# Dog non responsive and walking along the walls



## carly418 (Aug 18, 2008)

Our 5 year old Yorkie has been occasionally been getting very lethargic, won't eat, hardly drinks but urinates a lot, and when we let him out and about he walks the along the walls and doesn't stop when we call him. He is not very responsive while he is doing this. He is usually a very active, jumping, licking, happy dog , eats well and when this happens to him, he is just wanders like a zombie, we have to put him in a little kennel to get him to lay down, doesn't want to eat. We force feed/water him to keep him hydrated and he slowly comes out of it after several days. He had a week of normalcy and it is happening again. The vet said possible strokes, depression, not sure. He just stares at you and his mouth hangs open slightly, no energy and moves very slowly.
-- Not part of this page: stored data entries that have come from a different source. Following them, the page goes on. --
text \<open>Degenerate: the image of the Gauss map [dX/d zeta] lies in a hyperplane of CP^(n-1).\<close>
definition degenerate_on :: "complex set \<Rightarrow> (complex \<Rightarrow> real^'n) \<Rightarrow> bool" where
  "degenerate_on \<Omega> X \<longleftrightarrow>
     (\<exists>a::complex^'n. a \<noteq> 0 \<and> (\<forall>z\<in>\<Omega>. (\<Sum>k\<in>UNIV. a $ k * dzeta X z $ k) = 0))"

end

theory Submission
  imports Defs
begin

text \<open>The curve \<open>\<phi>\<close> is replaced by a curve \<open>\<phi>'\<close> in \<open>\<complex>\<^sup>4\<close> that is linear in \<open>\<phi>\<close>:
  with \<open>p = \<phi>\<^sub>1 - i\<phi>\<^sub>2 = \<Psi>\<close> and \<open>q = \<phi>\<^sub>1 + i\<phi>\<^sub>2 = -G\<^sup>2\<Psi>\<close> its components are
  \<open>s(p - q/c\<^sup>2)/2, (cp + q/c)/2, i(p - q/c\<^sup>2)/2, \<phi>\<^sub>3\<close>, so it stays holomorphic at the poles
  of \<open>G\<close>. When \<open>s\<^sup>2 + c\<^sup>2 = 1\<close> its sum of squares is \<open>pq + \<phi>\<^sub>3\<^sup>2\<close>, the sum of squares of
  \<open>\<phi>\<close>, which vanishes; and \<open>\<phi>'\<close> vanishes only where \<open>\<phi>\<close> does. On a simply connected domain
  a nowhere vanishing holomorphic null curve integrates to a conformal harmonic immersion, and
  the linear relation \<open>\<phi>'\<^sub>1 + is\<phi>'\<^sub>3 = 0\<close> confines its Gauss map to a hyperplane.\<close>

lemma has_derivative_vec_iff:
  fixes f :: "'a::real_normed_vector \<Rightarrow> real^'n"
  shows "(f has_derivative f') (at a) \<longleftrightarrow> (\<forall>i. ((\<lambda>x. f x $ i) has_derivative (\<lambda>h. f' h $ i)) (at a))"
  using has_derivative_componentwise_within[of f f' a UNIV]
  by (simp add: Basis_vec_def inner_axis)

lemma re_integral_of_has_derivative:
  fixes X :: "complex \<Rightarrow> real^'n" and \<phi> :: "complex \<Rightarrow> complex^'n"
  assumes "re_integral_of \<Omega> X \<phi>" "z \<in> \<Omega>"
  shows "(X has_derivative (\<lambda>h. \<chi> k. Re (\<phi> z $ k * h))) (at z)"
  using assms unfolding re_integral_of_def by (simp add: has_derivative_vec_iff)

lemma re_integral_of_frechet_derivative:
  fixes X :: "complex \<Rightarrow> real^'n" and \<phi> :: "complex \<Rightarrow> complex^'n"
  assumes "re_integral_of \<Omega> X \<phi>" "z \<in> \<Omega>"
  shows "frechet_derivative X (at z) = (\<lambda>h. \<chi> k. Re (\<phi> z $ k * h))"
  using re_integral_of_has_derivative[OF assms] by (rule frechet_derivative_at[symmetric])

lemma dzeta_re_integral_of:
  fixes X :: "complex \<Rightarrow> real^'n" and \<phi> :: "complex \<Rightarrow> complex^'n"
  assumes "re_integral_of \<Omega> X \<phi>" "z \<in> \<Omega>"
  shows "dzeta X z $ k = \<phi> z $ k / 2"
  unfolding dzeta_def re_integral_of_frechet_derivative[OF assms] by (simp add: complex_eq_iff)

lemma degenerate_on_re_integral_of:
  fixes X :: "complex \<Rightarrow> real^'n" and \<phi> :: "complex \<Rightarrow> complex^'n"
  assumes "re_integral_of \<Omega> X \<phi>" and "a \<noteq> 0"
    and "\<forall>z\<in>\<Omega>. (\<Sum>k\<in>UNIV. a $ k * \<phi> z $ k) = 0"
  shows "degenerate_on \<Omega> X"
  unfolding degenerate_on_def
proof (intro exI[of _ a] conjI ballI)
  fix z assume "z \<in> \<Omega>"
  then have "(\<Sum>k\<in>UNIV. a $ k * dzeta X z $ k) = (\<Sum>k\<in>UNIV. a $ k * \<phi> z $ k) / 2"
    by (simp add: dzeta_re_integral_of[OF assms(1)] sum_divide_distrib)
  then show "(\<Sum>k\<in>UNIV. a $ k * dzeta X z $ k) = 0"
    using assms(3) \<open>z \<in> \<Omega>\<close> by simp
qed (fact \<open>a \<noteq> 0\<close>)

lemma sum_squares_eq_0_iff:
  fixes v :: "complex^'n"
  shows "(\<Sum>k\<in>UNIV. (v$k)\<^sup>2) = 0 \<longleftrightarrow>
     (\<Sum>k\<in>UNIV. (Re (v$k))\<^sup>2) = (\<Sum>k\<in>UNIV. (Im (v$k))\<^sup>2) \<and> (\<Sum>k\<in>UNIV. Re (v$k) * Im (v$k)) = 0"
proof -
  have "Re (\<Sum>k\<in>UNIV. (v$k)\<^sup>2) = (\<Sum>k\<in>UNIV. (Re (v$k))\<^sup>2) - (\<Sum>k\<in>UNIV. (Im (v$k))\<^sup>2)"
    by (simp add: Re_sum power2_eq_square sum_subtractf)
  moreover have "Im (\<Sum>k\<in>UNIV. (v$k)\<^sup>2) = 2 * (\<Sum>k\<in>UNIV. Re (v$k) * Im (v$k))"
    by (simp add: Im_sum power2_eq_square sum_distrib_left ac_simps)
  ultimately show ?thesis by (simp add: complex_eq_iff)
qed

lemma conformal_Re_mult_iff:
  fixes v :: "complex^'n"
  defines "D \<equiv> \<lambda>h. \<chi> k. Re (v $ k * h)"
  shows "norm (D 1) = norm (D \<i>) \<and> D 1 \<bullet> D \<i> = 0 \<longleftrightarrow> (\<Sum>k\<in>UNIV. (v$k)\<^sup>2) = 0"
proof -
  have "norm (D 1) = norm (D \<i>) \<longleftrightarrow> D 1 \<bullet> D 1 = D \<i> \<bullet> D \<i>"
    by (simp add: norm_eq_sqrt_inner)
  moreover have "D 1 \<bullet> D 1 = (\<Sum>k\<in>UNIV. (Re (v$k))\<^sup>2)"
    by (simp add: D_def inner_vec_def power2_eq_square)
  moreover have "D \<i> \<bullet> D \<i> = (\<Sum>k\<in>UNIV. (Im (v$k))\<^sup>2)"
    by (simp add: D_def inner_vec_def power2_eq_square)
  moreover have "D 1 \<bullet> D \<i> = - (\<Sum>k\<in>UNIV. Re (v$k) * Im (v$k))"
    by (simp add: D_def inner_vec_def sum_negf)
  ultimately show ?thesis by (simp add: sum_squares_eq_0_iff)
qed

lemma inj_Re_mult_iff:
  fixes v :: "complex^'n"
  assumes null: "(\<Sum>k\<in>UNIV. (v$k)\<^sup>2) = 0"
  shows "inj (\<lambda>h. \<chi> k. Re (v $ k * h)) \<longleftrightarrow> v \<noteq> 0"
proof
  assume "inj (\<lambda>h. \<chi> k. Re (v $ k * h))"
  then show "v \<noteq> 0" by (auto dest: injD[of _ 1 0])
next
  assume v: "v \<noteq> 0"
  show "inj (\<lambda>h. \<chi> k. Re (v $ k * h))"
  proof (rule injI, rule ccontr)
    fix h1 h2 assume eq: "(\<chi> k. Re (v $ k * h1)) = (\<chi> k. Re (v $ k * h2))" and "h1 \<noteq> h2"
    define h where "h = h1 - h2"
    define w where "w = (\<chi> k. v$k * h)"
    have "h \<noteq> 0" using \<open>h1 \<noteq> h2\<close> by (simp add: h_def)
    have re_w: "Re (w$k) = 0" for k
      using eq by (simp add: vec_eq_iff w_def h_def right_diff_distrib)
    have "(\<Sum>k\<in>UNIV. (w$k)\<^sup>2) = h\<^sup>2 * (\<Sum>k\<in>UNIV. (v$k)\<^sup>2)"
      by (simp add: w_def sum_distrib_left power_mult_distrib mult.commute)
    with null have "(\<Sum>k\<in>UNIV. (Im (w$k))\<^sup>2) = 0"
      using sum_squares_eq_0_iff[of w] re_w by simp
    then have "Im (w$k) = 0" for k
      by (simp add: sum_nonneg_eq_0_iff)
    with re_w have "w$k = 0" for k
      by (simp add: complex_eq_iff)
    then have "v$k = 0" for k
      using \<open>h \<noteq> 0\<close> by (simp add: w_def)
    with v show False by (simp add: vec_eq_iff)
  qed
qed

lemma conformal_harmonic_immersion_iff_null:
  fixes X :: "complex \<Rightarrow> real^'n" and \<phi> :: "complex \<Rightarrow> complex^'n"
  assumes "open \<Omega>" and "re_integral_of \<Omega> X \<phi>" and "\<forall>k. harmonic_on \<Omega> (\<lambda>z. X z $ k)"
  shows "conformal_harmonic_immersion \<Omega> X \<longleftrightarrow>
           (\<forall>z\<in>\<Omega>. (\<Sum>k\<in>UNIV. (\<phi> z $ k)\<^sup>2) = 0 \<and> \<phi> z \<noteq> 0)"
proof -
  have pointwise:
    "norm (frechet_derivative X (at z) 1) = norm (frechet_derivative X (at z) \<i>)
       \<and> frechet_derivative X (at z) 1 \<bullet> frechet_derivative X (at z) \<i> = 0
       \<and> inj (frechet_derivative X (at z))
     \<longleftrightarrow> (\<Sum>k\<in>UNIV. (\<phi> z $ k)\<^sup>2) = 0 \<and> \<phi> z \<noteq> 0" if "z \<in> \<Omega>" for z
    unfolding re_integral_of_frechet_derivative[OF assms(2) that]
    using conformal_Re_mult_iff[of "\<phi> z"] inj_Re_mult_iff[of "\<phi> z"] by blast
  have "X differentiable (at z)" if "z \<in> \<Omega>" for z
    using re_integral_of_has_derivative[OF assms(2) that] by (auto simp: differentiable_def)
  with assms(1,3) pointwise show ?thesis
    unfolding conformal_harmonic_immersion_def by blast
qed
I read up on Vestibular disease but not sure that is it. he doesn't have head tilt and doesn't walk in circles but just walks along the walls like a zombie.


----------



## Shalva (Mar 23, 2007)

carly418 said:


> Our 5 year old Yorkie has been occasionally been getting very lethargic, won't eat, hardly drinks but urinates a lot, and when we let him out and about he walks the along the walls and doesn't stop when we call him. He is not very responsive while he is doing this. He is usually a very active, jumping, licking, happy dog , eats well and when this happens to him, he is just wanders like a zombie, we have to put him in a little kennel to get him to lay down, doesn't want to eat. We force feed/water him to keep him hydrated and he slowly comes out of it after several days. He had a week of normalcy and it is happening again. The vet said possible strokes, depression, not sure. He just stares at you and his mouth hangs open slightly, no energy and moves very slowly. I read up on Vestibular disease but not sure that is it. he doesn't have head tilt and doesn't walk in circles but just walks along the walls like a zombie.



why aren't you just taking him to the vet?????? 

GO to the vet!!!!!!


----------



## carly418 (Aug 18, 2008)

Of course we took him to the vet. He spent two days on IV's and the vet suspected a stroke, thought he may permanently be that way but he pulled through and was himself for week and it is happening again. Two vets now and they don't know what it is.


----------



## Annamarie (Oct 14, 2007)

the drinking and urinating is cause for concern and indicates kidney failure. left too long this can cause permanent damage.

Has the vet done a blood panel? I would do a full tick panel as well.


----------



## Yorkie Fan (Feb 15, 2008)

This sounds an awful lot like liver shunt.
LS is usually diagnosed early in life but can be diagnosed later.
Another possibly is microvascular dysplasia (small shunting thorughout the liver).
Dogs with either LS or MVD sometimes don't want to eat because they don't feel well afterwards. Urination issues are common along with ammonium urate stones (only seen on ultrasound...not xray). Lethargy and depression are common. Hepatic encephalopathy (HE) can occur if the toxins from food aren't being filtered by the liver properly and start affecting the brain. HE symptoms are neurological and can include seizure, head pressing, circling, weird walking/movement (like along the walls)... GI upset can be a symptom.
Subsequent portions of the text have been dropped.